Exercise instructions – Exactly as they appear below, repeat the lines from the one with "b c Q y lam" through the one with "using assms(6) unfolding", and no others.

(Collected data entries)
lemma (in vec_space) rank_one_col_multiple:
  assumes A: "A \<in> carrier_mat n nc" and r: "rank A = 1"
    and u: "u \<in> set (cols A)" "u \<noteq> 0\<^sub>v n" and w: "w \<in> set (cols A)"
  shows "\<exists>\<alpha>. w = \<alpha> \<cdot>\<^sub>v u"
proof (rule ccontr)
  assume no_multiple: "\<nexists>\<alpha>. w = \<alpha> \<cdot>\<^sub>v u"
  have uw: "u \<in> carrier_vec n" "w \<in> carrier_vec n" using u w A cols_dim by blast+
  have "w \<noteq> u" using no_multiple by (metis uw(1) one_smult_vec)
  have indpt_u: "lin_indpt ({} \<union> {u})"
    using lin_dep_iff_in_span[of "{}" u] span_empty u uw by (auto simp: lin_dep_def)
  have "w \<notin> span {u}"
  proof
    assume "w \<in> span {u}"
    then obtain a where "lincomb a {u} = w" using finite_in_span[of "{u}" w] uw by auto
    hence "w = a u \<cdot>\<^sub>v u" unfolding lincomb_def using uw by auto
    thus False using no_multiple by blast
  qed
  hence "lin_indpt ({u} \<union> {w})"
    using lin_dep_iff_in_span[of "{u}" w] indpt_u uw \<open>w \<noteq> u\<close> by auto
  hence "card ({u} \<union> {w}) \<le> rank A"
    by (intro rank_ge_card_indpt[OF A]) (use u w in auto)
  thus False using \<open>w \<noteq> u\<close> r by auto
qed

lemma hermitian_rank_one_eq_lift_mat:
  fixes X :: "complex mat"
  assumes X: "X \<in> carrier_mat (n+1) (n+1)" and herm: "hermitian_mat X"
    and X00: "X $$ (0, 0) = 1" and rank: "vec_space.rank (n+1) X = 1"
  shows "X = lift_mat (vec n (\<lambda>j. X $$ (Suc j, 0)))"
proof -
  define x where "x = vec n (\<lambda>j. X $$ (Suc j, 0))"
  have x: "x \<in> carrier_vec n" by (simp add: x_def)
  have first_col: "vCons 1 x $ j = X $$ (j, 0)" if "j < n+1" for j
    using that X00 by (cases j) (auto simp: x_def)
  have "col X 0 \<noteq> 0\<^sub>v (n+1)"
  proof
    assume "col X 0 = 0\<^sub>v (n+1)"
    hence "col X 0 $ 0 = 0" by simp
    thus False using X X00 by simp
  qed
  hence col0: "col X 0 \<in> set (cols X)" "col X 0 \<noteq> 0\<^sub>v (n+1)"
    using X col_in_set_cols[of 0 X] by auto
  have entry: "X $$ (j, k) = X $$ (j, 0) * cnj (X $$ (k, 0))" if j: "j < n+1" and k: "k < n+1" for j k
  proof -
    have "col X k \<in> set (cols X)" using X k by (intro col_in_set_cols) auto
    then obtain \<alpha> where multiple: "col X k = \<alpha> \<cdot>\<^sub>v col X 0"
      using vec_space.rank_one_col_multiple[OF X rank col0] by blast
    have scaled: "X $$ (i, k) = \<alpha> * X $$ (i, 0)" if i: "i < n+1" for i
    proof -
      have "col X k $ i = (\<alpha> \<cdot>\<^sub>v col X 0) $ i" using multiple by simp
      thus ?thesis using i k X by simp
    qed
    have "\<alpha> = X $$ (0, k)" using scaled[of 0] X00 by simp
    also have "\<dots> = cnj (X $$ (k, 0))"
    proof -
      have "0 < dim_row X" "k < dim_col X" using X k by auto
      thus ?thesis using herm unfolding hermitian_mat_def by blast
    qed
    finally show ?thesis using scaled[OF j] by simp
  qed
  show ?thesis
    unfolding x_def[symmetric]
  proof (rule eq_matI)
    fix j k assume "j < dim_row (lift_mat x)" and "k < dim_col (lift_mat x)"
    hence jk: "j < n+1" "k < n+1" using lift_mat_carrier[OF x] by auto
    show "X $$ (j, k) = lift_mat x $$ (j, k)"
      unfolding lift_mat_index[OF x jk] first_col[OF jk(1)] first_col[OF jk(2)] by (rule entry[OF jk])
  qed (use X lift_mat_carrier[OF x] in auto)
qed

lemma mnorm0_lift_mat:
  assumes x: "x \<in> carrier_vec n"
  shows "mnorm0 (lift_mat x) = (1 + vnorm0 x)^2"
proof -
  define S where "S = {j. j < n+1 \<and> vCons 1 x $ j \<noteq> 0}"
  have "{(j, k). j < dim_row (lift_mat x) \<and> k < dim_col (lift_mat x) \<and> lift_mat x $$ (j, k) \<noteq> 0}
      = S \<times> S"
    using lift_mat_carrier[OF x] by (auto simp: S_def lift_mat_index[OF x])
  hence "mnorm0 (lift_mat x) = card S * card S"
    unfolding mnorm0_def by (simp add: card_cartesian_product)
  moreover have "S = insert 0 (Suc ` {j. j < dim_vec x \<and> x $ j \<noteq> 0})"
    using x by (auto simp: S_def less_Suc_eq_0_disj)
  hence "card S = 1 + vnorm0 x" unfolding vnorm0_def by (simp add: card_image)
  ultimately show ?thesis by (simp add: power2_eq_square)
qed

lemma mnorm0_minus_le:
  assumes A: "A \<in> carrier_mat m m" and B: "B \<in> carrier_mat m m"
  shows "mnorm0 (A - B) \<le> mnorm0 A + mnorm0 B"
proof -
  let ?S = "\<lambda>M. {(j, k). j < m \<and> k < m \<and> M $$ (j, k) \<noteq> 0}"
  have mnorm0_eq: "mnorm0 M = card (?S M)" if "M \<in> carrier_mat m m" for M
    using that unfolding mnorm0_def by auto
  have fin: "finite (?S M)" for M
    by (rule finite_subset[of _ "{..<m} \<times> {..<m}"]) auto
  have "card (?S (A - B)) \<le> card (?S A \<union> ?S B)"
    using A B fin by (intro card_mono) auto
  also have "\<dots> \<le> card (?S A) + card (?S B)" by (rule card_Un_le)
  finally show ?thesis using A B minus_carrier_mat[OF B, of A] by (simp add: mnorm0_eq)
qed

lemma Bnorm1_minus_eq_0:
  assumes X: "X \<in> carrier_mat (n+1) (n+1)" and Y: "Y \<in> carrier_mat (n+1) (n+1)"
    and same: "\<forall>i<N. mtrace (Phi n (a i) (b i) (c i) (Q i) * X)
                   = mtrace (Phi n (a i) (b i) (c i) (Q i) * Y)"
  shows "Bnorm1 n N a b c Q (X - Y) = 0"
proof -
  have "mtrace (P * (X - Y)) = mtrace (P * X) - mtrace (P * Y)"
    if P: "P \<in> carrier_mat (n+1) (n+1)" for P
    using mult_minus_distrib_mat[OF P X Y] P X Y unfolding mtrace_def by (simp add: sum_subtractf)
  thus ?thesis unfolding Bnorm1_def using same Phi_carrier by (intro sum.neutral) auto
qed

text \<open>A nonzero sparse matrix in the kernel of B would have RIP-1 ratio 0, at distance 1 from 1.\<close>

lemma RIP1_unique:
  assumes rip: "RIP1 n N a b c Q eps k" and eps: "eps \<le> 1"
    and X: "X \<in> carrier_mat (n+1) (n+1)" and Y: "Y \<in> carrier_mat (n+1) (n+1)"
    and same: "\<forall>i<N. mtrace (Phi n (a i) (b i) (c i) (Q i) * X)
                   = mtrace (Phi n (a i) (b i) (c i) (Q i) * Y)"
    and sparse: "mnorm0 X + mnorm0 Y \<le> k"
  shows "X = Y"
proof -
  have diff: "X - Y = 0\<^sub>m (n+1) (n+1)"
  proof (rule ccontr)
    assume "X - Y \<noteq> 0\<^sub>m (n+1) (n+1)"
    moreover have "mnorm0 (X - Y) \<le> k" using mnorm0_minus_le[OF X Y] sparse by linarith
    ultimately have "\<bar>Bnorm1 n N a b c Q (X - Y) / mnorm1 (X - Y) - 1\<bar> < eps"
      using rip minus_carrier_mat[OF Y, of X] unfolding RIP1_def by blast
    thus False using Bnorm1_minus_eq_0[OF X Y same] eps by simp
  qed
  show ?thesis
  proof (rule eq_matI)
    fix j k assume jk: "j < dim_row Y" "k < dim_col Y"
    hence "(X - Y) $$ (j, k) = 0" using diff Y by simp
    thus "X $$ (j, k) = Y $$ (j, k)" using jk X Y by simp
  qed (use X Y in auto)
qed

theorem mainTheorem4:
  fixes n N :: nat
    and a :: "nat \<Rightarrow> complex" and b c :: "nat \<Rightarrow> complex vec"
    and Q :: "nat \<Rightarrow> complex mat" and y :: "nat \<Rightarrow> complex"
    and xbar :: "complex vec" and Xt :: "complex mat" and lam :: real
  assumes "n \<ge> 1" and "N \<ge> 1"
    and "\<forall>i<N. b i \<in> carrier_vec n \<and> c i \<in> carrier_vec n \<and> Q i \<in> carrier_mat n n"
    and "sparsest_solution n N a b c Q y xbar"
    and "lam \<ge> 0"
    and "QBP_optimal n N a b c Q y lam Xt"
    and "vec_space.rank (n+1) Xt = 1"
    and "\<exists>eps<1. RIP1 n N a b c Q eps (2 * mnorm0 Xt)"
  shows "Xt = lift_mat xbar"
proof -
  note dims = assms(3)
  have Xt: "Xt \<in> carrier_mat (n+1) (n+1)" "hermitian_mat Xt" "Xt $$ (0, 0) = 1"
    and Xt_meas: "\<forall>i<N. y i = mtrace (Phi n (a i) (b i) (c i) (Q i) * Xt)"
    using assms(6) unfolding QBP_optimal_def QBP_feasible_def by blast+
  define xt where "xt = vec n (\<lambda>j. Xt $$ (Suc j, 0))"
  have xt: "xt \<in> carrier_vec n" by (simp add: xt_def)
  have Xt_lift: "Xt = lift_mat xt"
    unfolding xt_def using hermitian_rank_one_eq_lift_mat Xt assms(7) by blast
  have "P_feasible n N a b c Q y xt"
    using P_feasible_iff_lift_mat_measurements[OF dims xt] Xt_meas Xt_lift by simp
  hence xbar: "P_feasible n N a b c Q y xbar" and "vnorm0 xbar \<le> vnorm0 xt"
    using assms(4) unfolding sparsest_solution_def by blast+
  have xbar_carrier: "xbar \<in> carrier_vec n" using xbar unfolding P_feasible_def by blast
  have "mnorm0 (lift_mat xbar) \<le> mnorm0 Xt"
    using \<open>vnorm0 xbar \<le> vnorm0 xt\<close> unfolding Xt_lift
    by (simp add: mnorm0_lift_mat[OF xt] mnorm0_lift_mat[OF xbar_carrier] power_mono)
  obtain eps where "eps < 1" "RIP1 n N a b c Q eps (2 * mnorm0 Xt)" using assms(8) by blast
  show ?thesis
  proof (rule RIP1_unique)
    show "\<forall>i<N. mtrace (Phi n (a i) (b i) (c i) (Q i) * Xt)
              = mtrace (Phi n (a i) (b i) (c i) (Q i) * lift_mat xbar)"
      using P_feasible_iff_lift_mat_measurements[OF dims xbar_carrier] xbar Xt_meas by simp
  qed (use \<open>eps < 1\<close> \<open>RIP1 n N a b c Q eps (2 * mnorm0 Xt)\<close> Xt(1)
         lift_mat_carrier[OF xbar_carrier] \<open>mnorm0 (lift_mat xbar) \<le> mnorm0 Xt\<close> in auto)
qed

end
(* Let $\mathsf V$ be a variety. If $\mathsf V$ has unitary e-generalization $2$-type, then $\mathsf V$ has unitary e-generalization type.
   Context: Let $\mathsf V$ be a variety of algebras of a fixed type. For a set $X$, $\mathbf F_{\mathsf V}(X)$ denotes the free algebra of $\mathsf V$ over $X$; its elements are called terms (terms are identified up to the equational theory of $\mathsf V$). A substitution is a homomorphism between free algebras of $\mathsf V$. A symbolic e-generalization problem for $\mathsf V$ is a finite multiset $\mathbf t=\{t_1,\dots,t_m\}$ ($m\ge 1$) of elements of $\mathbf F_{\mathsf V}(X)$ for some finite $X$. A solution (generalizer) of $\mathbf t$ is a term $s\in\mathbf F_{\mathsf V}(Y)$, where $Y$ is the set of variables of $s$, such that there exist substitutions $\sigma_1,\dots,\sigma_m$ with $\sigma_k(s)=t_k$ in $\mathsf V$ for all $k$. For terms $s,u$ write $s\preceq u$ ($s$ is less general than $u$) iff there is a substitution $\sigma$ with $\sigma(u)=s$; this is a preorder on the set of solutions of $\mathbf t$, and $(\mathscr S(\mathbf t),\preceq)$ denotes the associated poset of classes of equally general solutions. In a poset $(P,\le)$ a minimal complete set is a subset $M\subseteq P$ such that every $p\in P$ has some $a\in M$ with $a\le p$, and no two distinct elements of $M$ are comparable. The e-generalization type of $\mathbf t$ is unitary if $(\mathscr S(\mathbf t),\preceq)$ has a minimal complete set of cardinality 1, finitary if it has one of finite cardinality greater than 1, infinitary if it has one of infinite cardinality, and nullary if it has none. For $m\in\mathbb N\setminus\{0\}$, the e-generalization $m$-type of $\mathsf V$ is the worst type occurring among problems for $\mathsf V$ whose multiset has cardinality at most $m$, where the order from best to worst is unitary $>$ finitary $>$ infinitary $>$ nullary; the e-generalization type of $\mathsf V$ is the worst type among all its problems. *)

theory Defs
  imports Main "HOL-Library.Multiset"
begin

datatype 'f trm = Var nat | Fun 'f "'f trm list"

fun wf_trm :: "('f \<Rightarrow> nat) \<Rightarrow> 'f trm \<Rightarrow> bool" where
  "wf_trm ar (Var x) = True"
| "wf_trm ar (Fun f ts) = (length ts = ar f \<and> (\<forall>t\<in>set ts. wf_trm ar t))"

fun subst :: "(nat \<Rightarrow> 'f trm) \<Rightarrow> 'f trm \<Rightarrow> 'f trm" where
  "subst \<sigma> (Var x) = \<sigma> x"
| "subst \<sigma> (Fun f ts) = Fun f (map (subst \<sigma>) ts)"

definition wf_subst :: "('f \<Rightarrow> nat) \<Rightarrow> (nat \<Rightarrow> 'f trm) \<Rightarrow> bool" where
  "wf_subst ar \<sigma> = (\<forall>x. wf_trm ar (\<sigma> x))"

text \<open>Equational theory of the variety V = Mod(E) (Birkhoff's equational logic):
  eqv ar E s t means that s = t holds in V.\<close>

inductive eqv :: "('f \<Rightarrow> nat) \<Rightarrow> ('f trm \<times> 'f trm) set \<Rightarrow> 'f trm \<Rightarrow> 'f trm \<Rightarrow> bool"
  for ar E where
  axiom: "(l, r) \<in> E \<Longrightarrow> wf_subst ar \<sigma> \<Longrightarrow> eqv ar E (subst \<sigma> l) (subst \<sigma> r)"
| refl: "wf_trm ar t \<Longrightarrow> eqv ar E t t"
| sym: "eqv ar E s t \<Longrightarrow> eqv ar E t s"
| trans: "eqv ar E s t \<Longrightarrow> eqv ar E t u \<Longrightarrow> eqv ar E s u"
| cong: "wf_trm ar (Fun f ts) \<Longrightarrow> i < length ts \<Longrightarrow> eqv ar E (ts ! i) u
         \<Longrightarrow> eqv ar E (Fun f ts) (Fun f (ts[i := u]))"

definition variety :: "('f \<Rightarrow> nat) \<Rightarrow> ('f trm \<times> 'f trm) set \<Rightarrow> bool" where
  "variety ar E = (\<forall>(l, r)\<in>E. wf_trm ar l \<and> wf_trm ar r)"

definition gen_problem :: "('f \<Rightarrow> nat) \<Rightarrow> 'f trm multiset \<Rightarrow> bool" where
  "gen_problem ar T = (T \<noteq> {#} \<and> (\<forall>t\<in>#T. wf_trm ar t))"

definition generalizer ::
  "('f \<Rightarrow> nat) \<Rightarrow> ('f trm \<times> 'f trm) set \<Rightarrow> 'f trm multiset \<Rightarrow> 'f trm \<Rightarrow> bool" where
  "generalizer ar E T s = (wf_trm ar s \<and>
     (\<forall>t\<in>#T. \<exists>\<sigma>. wf_subst ar \<sigma> \<and> eqv ar E (subst \<sigma> s) t))"

definition less_general ::
  "('f \<Rightarrow> nat) \<Rightarrow> ('f trm \<times> 'f trm) set \<Rightarrow> 'f trm \<Rightarrow> 'f trm \<Rightarrow> bool" where
  "less_general ar E s u = (\<exists>\<sigma>. wf_subst ar \<sigma> \<and> eqv ar E (subst \<sigma> u) s)"

text \<open>A minimal complete set of the poset of classes of solutions, given by a set M of
  representatives (one per class, pairwise incomparable).\<close>

definition minimal_complete ::
  "('f \<Rightarrow> nat) \<Rightarrow> ('f trm \<times> 'f trm) set \<Rightarrow> 'f trm multiset \<Rightarrow> 'f trm set \<Rightarrow> bool" where
  "minimal_complete ar E T M =
     (M \<subseteq> {s. generalizer ar E T s} \<and>
      (\<forall>p. generalizer ar E T p \<longrightarrow> (\<exists>a\<in>M. less_general ar E a p)) \<and>
      (\<forall>a\<in>M. \<forall>b\<in>M. less_general ar E a b \<longrightarrow> a = b))"

definition unitary_problem ::
  "('f \<Rightarrow> nat) \<Rightarrow> ('f trm \<times> 'f trm) set \<Rightarrow> 'f trm multiset \<Rightarrow> bool" where
  "unitary_problem ar E T = (\<exists>M. minimal_complete ar E T M \<and> card M = 1)"

text \<open>Unitary is the best type, so the worst type among a family of problems is unitary
  iff every problem in the family is unitary.\<close>

definition unitary_mtype :: "('f \<Rightarrow> nat) \<Rightarrow> ('f trm \<times> 'f trm) set \<Rightarrow> nat \<Rightarrow> bool" where
  "unitary_mtype ar E m =
     (\<forall>T. gen_problem ar T \<and> size T \<le> m \<longrightarrow> unitary_problem ar E T)"

definition unitary_type :: "('f \<Rightarrow> nat) \<Rightarrow> ('f trm \<times> 'f trm) set \<Rightarrow> bool" where
  "unitary_type ar E = (\<forall>T. gen_problem ar T \<longrightarrow> unitary_problem ar E T)"

end

theory Submission
  imports Defs
begin

text \<open>Unitarity of a problem means that it has a least general generalizer (lgg).
  If g is an lgg of T, then the generalizers of T + {x} are exactly those of {g, x},
  because a term generalizes every member of T iff it generalizes g. Hence an lgg of
  T + {x} is obtained as an lgg of the two-element problem {g, x}, and induction on T
  shows that every problem has an lgg.\<close>

lemma wf_trm_subst: "wf_subst ar \<sigma> \<Longrightarrow> wf_trm ar t \<Longrightarrow> wf_trm ar (subst \<sigma> t)"
  by (induction t) (auto simp: wf_subst_def)

lemma subst_subst: "subst \<tau> (subst \<sigma> t) = subst (\<lambda>x. subst \<tau> (\<sigma> x)) t"
  by (induction t) auto

lemma wf_subst_comp: "wf_subst ar \<tau> \<Longrightarrow> wf_subst ar \<sigma> \<Longrightarrow> wf_subst ar (\<lambda>x. subst \<tau> (\<sigma> x))"
  by (auto simp: wf_subst_def intro: wf_trm_subst)

lemma eqv_subst: "eqv ar E s t \<Longrightarrow> wf_subst ar \<tau> \<Longrightarrow> eqv ar E (subst \<tau> s) (subst \<tau> t)"
proof (induction rule: eqv.induct)
  case (axiom l r \<sigma>)
  then show ?case
    using eqv.axiom[of l r E ar "\<lambda>x. subst \<tau> (\<sigma> x)"] by (simp add: subst_subst wf_subst_comp)
next
  case (refl t)
  then show ?case by (simp add: eqv.refl wf_trm_subst)
next
  case (sym s t)
  then show ?case by (simp add: eqv.sym)
next
  case (trans s t u)
  then show ?case by (meson eqv.trans)
next
  case (cong f ts i u)
  have "wf_trm ar (Fun f (map (subst \<tau>) ts))"
    using wf_trm_subst[OF cong.prems cong.hyps(1)] by simp
  then have "eqv ar E (Fun f (map (subst \<tau>) ts)) (Fun f ((map (subst \<tau>) ts)[i := subst \<tau> u]))"
    by (rule eqv.cong) (use cong in simp_all)
  then show ?case by (simp add: map_update)
qed

lemma less_general_trans:
  assumes "less_general ar E s t" and "less_general ar E t u"
  shows "less_general ar E s u"
proof -
  obtain \<sigma> where \<sigma>: "wf_subst ar \<sigma>" "eqv ar E (subst \<sigma> t) s"
    using assms(1) unfolding less_general_def by blast
  obtain \<tau> where \<tau>: "wf_subst ar \<tau>" "eqv ar E (subst \<tau> u) t"
    using assms(2) unfolding less_general_def by blast
  have "eqv ar E (subst \<sigma> (subst \<tau> u)) (subst \<sigma> t)"
    using eqv_subst \<sigma>(1) \<tau>(2) by blast
  then have "eqv ar E (subst (\<lambda>x. subst \<sigma> (\<tau> x)) u) s"
    using \<sigma>(2) eqv.trans by (metis subst_subst)
  then show ?thesis
    unfolding less_general_def using wf_subst_comp[OF \<sigma>(1) \<tau>(1)] by blast
qed

lemma generalizer_iff_less_general:
  "generalizer ar E T s \<longleftrightarrow> wf_trm ar s \<and> (\<forall>t\<in>#T. less_general ar E t s)"
  unfolding generalizer_def less_general_def by blast

definition lgg :: "('f \<Rightarrow> nat) \<Rightarrow> ('f trm \<times> 'f trm) set \<Rightarrow> 'f trm multiset \<Rightarrow> 'f trm \<Rightarrow> bool" where
  "lgg ar E T g \<longleftrightarrow>
     generalizer ar E T g \<and> (\<forall>p. generalizer ar E T p \<longrightarrow> less_general ar E g p)"

lemma unitary_problem_iff_lgg: "unitary_problem ar E T \<longleftrightarrow> (\<exists>g. lgg ar E T g)"
proof
  assume "unitary_problem ar E T"
  then obtain M where M: "minimal_complete ar E T M" "card M = 1"
    unfolding unitary_problem_def by blast
  then obtain g where "M = {g}"
    using card_1_singletonE by blast
  with M(1) show "\<exists>g. lgg ar E T g"
    unfolding minimal_complete_def lgg_def by auto
next
  assume "\<exists>g. lgg ar E T g"
  then obtain g where "lgg ar E T g" ..
  then have "minimal_complete ar E T {g}"
    unfolding minimal_complete_def lgg_def by auto
  then show "unitary_problem ar E T"
    unfolding unitary_problem_def by force
qed

lemma subst_Var: "subst Var t = t"
  by (induction t) (auto intro: map_idI)

lemma lgg_singleton: "wf_trm ar x \<Longrightarrow> lgg ar E {#x#} x"
proof -
  assume "wf_trm ar x"
  then have "less_general ar E x x"
    unfolding less_general_def wf_subst_def by (metis eqv.refl subst_Var wf_trm.simps(1))
  then show ?thesis
    unfolding lgg_def generalizer_iff_less_general using \<open>wf_trm ar x\<close> by simp
qed

lemma generalizer_add_mset_lgg:
  assumes "lgg ar E T g"
  shows "generalizer ar E (add_mset x T) p \<longleftrightarrow> generalizer ar E {#g, x#} p"
proof -
  have "generalizer ar E T p \<longleftrightarrow> wf_trm ar p \<and> less_general ar E g p"
    using assms less_general_trans
    unfolding lgg_def generalizer_iff_less_general by blast
  then show ?thesis
    unfolding generalizer_iff_less_general by auto
qed

lemma lgg_add_mset:
  assumes "lgg ar E T g"
  shows "lgg ar E (add_mset x T) h \<longleftrightarrow> lgg ar E {#g, x#} h"
  unfolding lgg_def by (simp add: generalizer_add_mset_lgg[OF assms])

lemma lgg_exists_add_mset:
  assumes "unitary_mtype ar E 2" and "wf_trm ar x" and "\<forall>t\<in>#T. wf_trm ar t"
  shows "\<exists>g. lgg ar E (add_mset x T) g"
  using assms(2,3)
proof (induction T arbitrary: x)
  case empty
  then show ?case using lgg_singleton by blast
next
  case (add y T)
  then obtain g where g: "lgg ar E (add_mset x T) g"
    by auto
  have "gen_problem ar {#g, y#}"
    using g add.prems unfolding gen_problem_def lgg_def generalizer_def by auto
  then obtain h where "lgg ar E {#g, y#} h"
    using assms(1) unfolding unitary_mtype_def unitary_problem_iff_lgg by auto
  then have "lgg ar E (add_mset y (add_mset x T)) h"
    using lgg_add_mset[OF g] by blast
  then show ?case
    by (auto simp: add_mset_commute)
qed

theorem proposition2p7:
  fixes ar :: "'f \<Rightarrow> nat" and E :: "('f trm \<times> 'f trm) set"
  assumes "variety ar E"
    and "unitary_mtype ar E 2"
  shows "unitary_type ar E"
  unfolding unitary_type_def
proof (intro allI impI)
  fix T
  assume T: "gen_problem ar T"
  then obtain x where "x \<in># T"
    unfolding gen_problem_def by (meson multiset_nonemptyE)
  then have "T = add_mset x (T - {#x#})"
    by simp
  moreover have "\<exists>g. lgg ar E (add_mset x (T - {#x#})) g"
    using lgg_exists_add_mset[OF assms(2)] T \<open>x \<in># T\<close>
    unfolding gen_problem_def by (meson in_diffD)
  ultimately show "unitary_problem ar E T"
    unfolding unitary_problem_iff_lgg by simp
qed

end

Answer to the exercise –
    and "QBP_optimal n N a b c Q y lam Xt"
    and "vec_space.rank (n+1) Xt = 1"
    and "\<exists>eps<1. RIP1 n N a b c Q eps (2 * mnorm0 Xt)"
  shows "Xt = lift_mat xbar"
proof -
  note dims = assms(3)
  have Xt: "Xt \<in> carrier_mat (n+1) (n+1)" "hermitian_mat Xt" "Xt $$ (0, 0) = 1"
    and Xt_meas: "\<forall>i<N. y i = mtrace (Phi n (a i) (b i) (c i) (Q i) * Xt)"
    using assms(6) unfolding QBP_optimal_def QBP_feasible_def by blast+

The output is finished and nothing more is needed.